The Trail Making Test (TMT) A and B measures processing speed (TMT-A) and divided attention (TMT-B).²⁷ The test subject is asked to draw a line, in consecutive order, between numbers (TMT-A). On the TMT-B, test subjects need to switch between numbers and letters. The time needed to complete both these tasks is corrected for age and education and converted into T scores. T scores <40; for example, 1 SD below the mean, are defined as lowered scores.

The Digit Span (DS) is a subtest of the Wechsler Adult Intelligence Scale-III and measures attention and working memory.²⁸ Subjects are instructed to repeat numbers forward and backward. Raw scores are obtained for span length forward (DS-F) and backward (DS-B). Lowered span lengths are defined as fewer than five digits on the DS-F and fewer than four digits on the DS-B.

The Fifteen Word Task (15WT), the Dutch version of the Auditory Verbal Learning Test, was used to measure short and long-term memory and memory recognition.^29,30 Subjects were instructed to recall 15 unrelated words immediately after listening to them (repeated five times). After 20 min, a delayed recall and a recognition task is performed. Raw scores are calculated for the immediate total recall (15WT-TR; range 0–75), and delayed recall (15WT-DR; range 0–15). Raw scores are converted into decile scores corrected for age, gender, and education for both subscores. Decile scores <2.0 are defined as lowered scores.

The modified Six Elements Test (6ET) was used to measure executive function, and is part of the Behavior assessment of Dysexecutive Syndrome Test (BADS).³¹ Test subjects are instructed to work on six tasks within 10 min, taking into account two rules. Based on the number of attempts and rules broken, a score of 1–4 is given.

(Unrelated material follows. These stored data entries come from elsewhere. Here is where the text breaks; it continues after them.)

lemma compatible_diff_rel: "compatible ar (pair_ops F) diff_rel"
  unfolding compatible_def
proof (intro allI impI)
  fix f ps qs assume lp: "length ps = ar f" and rel: "list_all2 (\<lambda>x y. (x, y) \<in> diff_rel) ps qs"
  have lq: "length qs = ar f"
    using rel lp by (simp add: list_all2_lengthD)
  have nth: "(ps ! i, qs ! i) \<in> diff_rel" if "i < ar f" for i
    using rel lp that by (simp add: list_all2_conv_all_nth)
  moreover have "diff_rel \<subseteq> \<alpha> \<times> \<alpha>"
    using equiv_diff_rel by (simp add: equiv_def)
  ultimately have ps: "set ps \<subseteq> \<alpha>" and qs: "set qs \<subseteq> \<alpha>"
    using lp lq by (fastforce simp: in_set_conv_nth)+
  have ba: "(snd (ps ! i), fst (ps ! i)) \<in> \<alpha>" and snd_q: "snd (qs ! i) = D (snd (ps ! i)) (fst (ps ! i)) (fst (qs ! i))"
    if "i < ar f" for i
    using nth[OF that] \<alpha>_sym by (auto simp: diff_rel_def split: prod.splits)
  have "map snd qs = map (\<lambda>i. D (map snd ps ! i) (map fst ps ! i) (map fst qs ! i)) [0..<ar f]"
    by (rule nth_equalityI) (simp_all add: lp lq snd_q)
  also have "F f \<dots> = D (F f (map snd ps)) (F f (map fst ps)) (F f (map fst qs))"
    by (rule F_D_interchange) (use lp lq qs \<alpha>_carrier ba in auto)
  finally have "F f (map snd qs) = D (F f (map snd ps)) (F f (map fst ps)) (F f (map fst qs))" .
  moreover have "pair_ops F f ps \<in> \<alpha>" "pair_ops F f qs \<in> \<alpha>"
    using is_alg_pair_ops[OF compatible_\<alpha>] ps qs lp lq by (simp_all add: is_alg_def)
  ultimately show "(pair_ops F f ps, pair_ops F f qs) \<in> diff_rel"
    unfolding pair_ops_def diff_rel_iff by simp
qed

abbreviation \<Delta> :: "('a \<times> 'a) rel" where
  "\<Delta> \<equiv> Delta ar S F \<alpha> (S \<times> S)"

lemma congruence_Delta: "congruence ar \<alpha> (pair_ops F) \<Delta>"
  unfolding Delta_def
  by (rule congruence_Cg[OF congruence_total[OF is_alg_pair_ops[OF compatible_\<alpha>]]]) (auto simp: \<alpha>_refl)

lemma equiv_Delta: "equiv \<alpha> \<Delta>"
  using congruence_Delta by (simp add: congruence_def)

lemma diagonal_in_Delta: "u \<in> S \<Longrightarrow> v \<in> S \<Longrightarrow> ((u, u), (v, v)) \<in> \<Delta>"
  unfolding Delta_def by (rule subsetD[OF generators_subset_Cg]) auto

lemma Delta_subset_diff_rel: "\<Delta> \<subseteq> diff_rel"
  unfolding Delta_def
proof (rule Cg_least)
  show "congruence ar \<alpha> (pair_ops F) diff_rel"
    by (simp add: congruence_def equiv_diff_rel compatible_diff_rel)
  show "{((u, u), (v, v)) |u v. (u, v) \<in> S \<times> S} \<subseteq> diff_rel"
    by (auto simp: diff_rel_iff \<alpha>_refl D_eq_third)
qed

lemma translate_in_Delta:
  assumes ab: "(a, b) \<in> \<alpha>" and c: "c \<in> S"
  shows "((a, b), (c, D b a c)) \<in> \<Delta>"
proof -
  have aS: "a \<in> S" using ab \<alpha>_carrier by blast
  have "(app3 (pair_ops F) d (a, b) (a, a) (a, a), app3 (pair_ops F) d (a, b) (a, a) (c, c)) \<in> \<Delta>"
  proof (rule app3_compatible[OF _ wf_d])
    show "compatible ar (pair_ops F) \<Delta>"
      using congruence_Delta by (simp add: congruence_def)
    show "((a, b), (a, b)) \<in> \<Delta>"
      using equiv_Delta ab by (simp add: equiv_def refl_on_def)
  qed (use diagonal_in_Delta aS c in auto)
  then show ?thesis
    unfolding app3_pair_ops using D_eq_third D_eq_first \<alpha>_sym ab aS c by simp
qed

lemma Delta_eq_diff_rel: "\<Delta> = diff_rel"
proof
  show "diff_rel \<subseteq> \<Delta>"
  proof (clarify)
    fix a b a' b' assume "((a, b), (a', b')) \<in> diff_rel"
    then have "(a, b) \<in> \<alpha>" "a' \<in> S" "b' = D b a a'"
      using \<alpha>_carrier by (auto simp: diff_rel_iff)
    then show "((a, b), (a', b')) \<in> \<Delta>"
      using translate_in_Delta by simp
  qed
qed (rule Delta_subset_diff_rel)

section \<open>The decomposition of A\<close>

abbreviation zero_B :: "('a \<times> 'a) set" where
  "zero_B \<equiv> \<Delta> `` Id_on S"

abbreviation add_B :: "('a \<times> 'a) set \<Rightarrow> ('a \<times> 'a) set \<Rightarrow> ('a \<times> 'a) set" where
  "add_B x y \<equiv> app3 (quot_ops (pair_ops F) \<Delta>) d x zero_B y"

lemma zero_B_eq:
  assumes "p \<in> S"
  shows "zero_B = \<Delta> `` {(p, p)}"
proof
  show "zero_B \<subseteq> \<Delta> `` {(p, p)}"
  proof
    fix z assume "z \<in> zero_B"
    then obtain u where "u \<in> S" "((u, u), z) \<in> \<Delta>" by (auto simp: Id_on_def)
    moreover have "((p, p), (u, u)) \<in> \<Delta>"
      using diagonal_in_Delta assms \<open>u \<in> S\<close> by blast
    ultimately show "z \<in> \<Delta> `` {(p, p)}"
      using equiv_Delta by (auto simp: equiv_def dest: transD)
  qed
qed (use assms in auto)

lemma add_B_classes:
  assumes "(p, y) \<in> \<alpha>" "(q, p) \<in> \<alpha>"
  shows "add_B (\<Delta> `` {(p, y)}) (\<Delta> `` {(q, p)}) = \<Delta> `` {(q, y)}"
proof -
  have pS: "p \<in> S" and qS: "q \<in> S"
    using assms \<alpha>_carrier by blast+
  have "add_B (\<Delta> `` {(p, y)}) (\<Delta> `` {(q, p)})
      = app3 (quot_ops (pair_ops F) \<Delta>) d (\<Delta> `` {(p, y)}) (\<Delta> `` {(p, p)}) (\<Delta> `` {(q, p)})"
    using zero_B_eq[OF pS] by simp
  also have "\<dots> = \<Delta> `` {app3 (pair_ops F) d (p, y) (p, p) (q, p)}"
    by (rule app3_quot_ops[OF is_alg_pair_ops[OF compatible_\<alpha>] congruence_Delta wf_d])
      (use assms \<alpha>_refl pS in auto)
  also have "app3 (pair_ops F) d (p, y) (p, p) (q, p) = (q, y)"
    unfolding app3_pair_ops using assms D_eq_third D_eq_first pS qS \<alpha>_sym by simp
  finally show ?thesis .
qed

context
  fixes r :: "'a \<Rightarrow> 'a"
  assumes trace: "is_trace S \<alpha> r"
begin

lemma trace_related: "x \<in> S \<Longrightarrow> (r x, x) \<in> \<alpha>"
  using trace by (simp add: is_trace_def)

lemma trace_eq: "(x, y) \<in> \<alpha> \<Longrightarrow> r x = r y"
  using trace by (simp add: is_trace_def)

abbreviation cocycle :: "'f \<Rightarrow> 'a set list \<Rightarrow> ('a \<times> 'a) set" where
  "cocycle f Qs \<equiv> \<Delta> `` {(r (F f (map rep Qs)), F f (map (r \<circ> rep) Qs))}"

definition split_iso :: "'a \<Rightarrow> ('a \<times> 'a) set \<times> 'a set" where
  "split_iso x = (\<Delta> `` {(r x, x)}, \<alpha> `` {x})"

lemma inj_on_split_iso: "inj_on split_iso S"
proof (rule inj_onI)
  fix x y assume x: "x \<in> S" and y: "y \<in> S" and eq: "split_iso x = split_iso y"
  then have "(x, y) \<in> \<alpha>"
    using eq_equiv_class_iff[OF equiv_\<alpha>] by (simp add: split_iso_def)
  then have rxy: "r x = r y"
    by (rule trace_eq)
  from eq have "((r x, x), (r y, y)) \<in> \<Delta>"
    using eq_equiv_class_iff[OF equiv_Delta] trace_related x y by (simp add: split_iso_def)
  then have "y = D x (r x) (r x)"
    by (simp add: Delta_eq_diff_rel diff_rel_iff rxy)
  also have "\<dots> = x"
    using D_eq_first \<alpha>_sym trace_related x by blast
  finally show "x = y" by simp
qed

lemma split_iso_image: "split_iso ` S = (\<alpha> // \<Delta>) \<times> (S // \<alpha>)"
proof
  show "split_iso ` S \<subseteq> (\<alpha> // \<Delta>) \<times> (S // \<alpha>)"
    using trace_related by (auto simp: split_iso_def intro: quotientI)
  show "(\<alpha> // \<Delta>) \<times> (S // \<alpha>) \<subseteq> split_iso ` S"
  proof clarify
    fix P Q assume "P \<in> \<alpha> // \<Delta>" "Q \<in> S // \<alpha>"
    then obtain a b z where ab: "(a, b) \<in> \<alpha>" "P = \<Delta> `` {(a, b)}" and z: "z \<in> S" "Q = \<alpha> `` {z}"
      by (auto elim!: quotientE)
    define x where "x = D b a (r z)"
    have rz: "r z \<in> S"
      using trace_related z \<alpha>_carrier by blast
    have "((a, b), (r z, x)) \<in> \<Delta>"
      unfolding x_def by (rule translate_in_Delta[OF ab(1) rz])
    then have x\<alpha>: "(r z, x) \<in> \<alpha>"
      using equiv_Delta by (auto simp: equiv_def)
    then have "(x, z) \<in> \<alpha>"
      using \<alpha>_sym \<alpha>_trans trace_related z by blast
    moreover from this have "r x = r z"
      by (rule trace_eq)
    ultimately have "split_iso x = (P, Q)"
      using \<open>((a, b), (r z, x)) \<in> \<Delta>\<close> ab z equiv_class_eq_iff[OF equiv_Delta] equiv_class_eq_iff[OF equiv_\<alpha>]
      by (auto simp: split_iso_def)
    moreover have "x \<in> S"
      using x\<alpha> \<alpha>_carrier by blast
    ultimately show "(P, Q) \<in> split_iso ` S"
      by (metis image_eqI)
  qed
qed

The d2 test of attention was used to measure visual selective attention, processing speed and concentration. Participants need to identify as many as possible ‘d’ symbols in a specified period of time. A total performance score and a concentration performance score are calculated. The total performance score is calculated from the total of processed items minus total missed items and total wrong items; the concentration performance score is based on the total identified correct items minus total identified wrong items.³²

HRQoL

To assess HRQoL the Dutch version of the Medical Outcomes Study 36-Item Short Form Health Survey (SF-36) was used.^33
–35 This is a reliable and valid instrument for several medical disorders, including TBI.^34,36,37 The SF-36 consists of 36 items measuring eight domains: Physical Functioning; Role Physical (the extent to which physical health interferes with daily activities); Bodily Pain; General Health; Vitality; Social Functioning; Role Emotional (the extent to which emotional health interferes with daily activities); and Mental Health. All domains are converted into a scale from 0 to 100, with 100 indicating the best potential condition. The eight domain scores were summarized into a physical component summary score (PCS) and a mental component summary score (MCS). The PCS and MCS are scored using norm- based methods; they both have a mean of 50 and an SD of 10 in the general United States population.³⁸ Age-adjusted norm values from the Dutch normative population were used.³⁴

Statistical analysis

Descriptive data of interval variables are presented with means and SDs and for categorical variables with numbers and proportions. Variables of interest included patient characteristics (age, gender, partner, educational level, pre-injury employment status), injury severity variables (length of hospital stay, TBI severity (moderate [GCS 9–12] or severe [GCS 3–8]), functional outcomes at hospital discharge (psychiatric symptoms [yes/no], GOS, Barthel Index [BI], FIM, FAM) and hospital discharge destination (home, rehabilitation center, nursing home). Differences between patients who were included and patients who were lost-to-follow-up were analyzed using X² or exact tests for categorical data, and independent samples t tests for interval variables. The same statistical tests were used to compare patient characteristics, HRQoL, and cognitive functioning between two subgroups of persons with and without symptoms of depression.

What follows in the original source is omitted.